A dearth of infrastructure continues to plaque the country and it seems the Government has no plans for addressing this quagmire. There are not enough hospitals, schools, teachers, or power. Nigeria continues to be a uni-product economy, dependent only on the sale of crude oil. Trends around the world suggest that in the future, fossil fuels will continue to have less of an economic impact internationally as many countries are developing and moving towards so called ‘green’ energy alternatives like wind, solar and electricity. What will happen to Nigeria then? With no eyes or thoughts on the future, this country will be in a worse place than it is today.

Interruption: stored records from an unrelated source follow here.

lemma power_card_UNIV_eq_self_if_prime:
  assumes "prime (card (UNIV :: 'a::{comm_ring_1,finite} set))"
  shows "(x :: 'a) ^ card (UNIV :: 'a set) = x"
proof -
  have CHAR: "CHAR('a) = card (UNIV :: 'a set)" using assms by (rule CHAR_eq_card_UNIV_if_prime)
  obtain n where "x = of_nat n"
    using range_of_nat_eq_UNIV_if_card_eq_CHAR[OF CHAR[symmetric]] by (metis UNIV_I image_iff)
  then show ?thesis using of_nat_power_CHAR[where 'a='a, of n] assms by (simp add: CHAR)
qed

section \<open>The derivative of a commutator\<close>

lemma fps_deriv_compose_fps_inv:
  fixes v :: "'a::field fps"
  assumes "v $ 0 = 0" "v $ 1 \<noteq> 0"
  shows "(fps_deriv v oo fps_inv v) * fps_deriv (fps_inv v) = 1"
proof -
  have "fps_inv v $ 0 = 0" by (simp add: fps_inv_def)
  then show ?thesis
    using arg_cong[OF fps_inv_right[OF assms], of fps_deriv] by (simp add: fps_compose_deriv)
qed

lemma fps_comm_eq_compose:
  fixes u v :: "'a::field fps"
  assumes "u $ 0 = 0"
  shows "fps_comm v u = v oo (u oo (fps_inv v oo fps_inv u))"
proof -
  have "fps_inv v $ 0 = 0" "fps_inv u $ 0 = 0" by (simp_all add: fps_inv_def)
  then show ?thesis
    using assms by (simp add: fps_comm_def fps_compose_assoc)
qed

lemma fps_deriv_fps_comm:
  fixes u v y :: "'a::field fps"
  assumes "v $ 0 = 0" "v $ 1 \<noteq> 0" "u $ 0 = 0" "u $ 1 \<noteq> 0"
    and y: "y = fps_inv v oo fps_inv u"
  shows "fps_deriv (fps_comm v u) * ((fps_deriv v oo y) * (fps_deriv u oo fps_inv u))
    = (fps_deriv v oo (u oo y)) * (fps_deriv u oo y)"
proof -
  have inv0: "fps_inv v $ 0 = 0" "fps_inv u $ 0 = 0" by (simp_all add: fps_inv_def)
  then have y0: "y $ 0 = 0" by (simp add: y)
  have "fps_deriv (fps_comm v u) = (fps_deriv v oo (u oo y)) * ((fps_deriv u oo y) * fps_deriv y)"
    using y0 assms(3)
    by (simp add: fps_comm_eq_compose[OF assms(3), of v, folded y] fps_compose_deriv)
  also have "fps_deriv y = (fps_deriv (fps_inv v) oo fps_inv u) * fps_deriv (fps_inv u)"
    using inv0 by (simp add: y fps_compose_deriv)
  finally have "fps_deriv (fps_comm v u) * ((fps_deriv v oo y) * (fps_deriv u oo fps_inv u))
    = (fps_deriv v oo (u oo y)) * (fps_deriv u oo y)
      * (((fps_deriv v oo y) * (fps_deriv (fps_inv v) oo fps_inv u))
      * ((fps_deriv u oo fps_inv u) * fps_deriv (fps_inv u)))"
    by (simp only: ac_simps)
  moreover have "(fps_deriv v oo y) * (fps_deriv (fps_inv v) oo fps_inv u) = 1"
    using arg_cong[OF fps_deriv_compose_fps_inv[OF assms(1,2)], of "\<lambda>f. f oo fps_inv u"] inv0
    by (simp add: y fps_compose_mult_distrib fps_compose_assoc)
  moreover have "(fps_deriv u oo fps_inv u) * fps_deriv (fps_inv u) = 1"
    using assms(3,4) by (rule fps_deriv_compose_fps_inv)
  ultimately show ?thesis by simp
qed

The panacea? The Yar’adua government must begin to lead. He has 2 years left in his first term to begin constructively rebuilding this nation. For god’s sakes, Umaru Yar’adua, don’t just create another Ministry to solve the Niger Delta problem, tackle resource control once and for all. What’s fair is fair. Do away with all the bureaucratic nightmarish government plans and focus on meaningful and targeted power generation. There is really no need to put down ambitious agendas when there is no will to see them to fruition. It is simply a waste of time. President Yar’adua must devise and begin planning on how to wean Nigeria off its addiction to petrol-dollars. This effort must start now. Lastly, the biggest problem in Nigeria is the political system and parties e.g. the PDP. The President’s party (the PDP) is a bastion of the most corrupt and vile Nigerians. This party should be re-structured and its archaic principles
separated from the policies of the Government of the People of Nigeria.
For Nigeria to resume the walk from its ‘abyss-ical’ past, these relevant national questions must be addressed and dealt with now. No sweeping under the rug here. Nigeria as an independent nation will be 50 years old in October; frankly, there is no time to continue this walk to nowhere.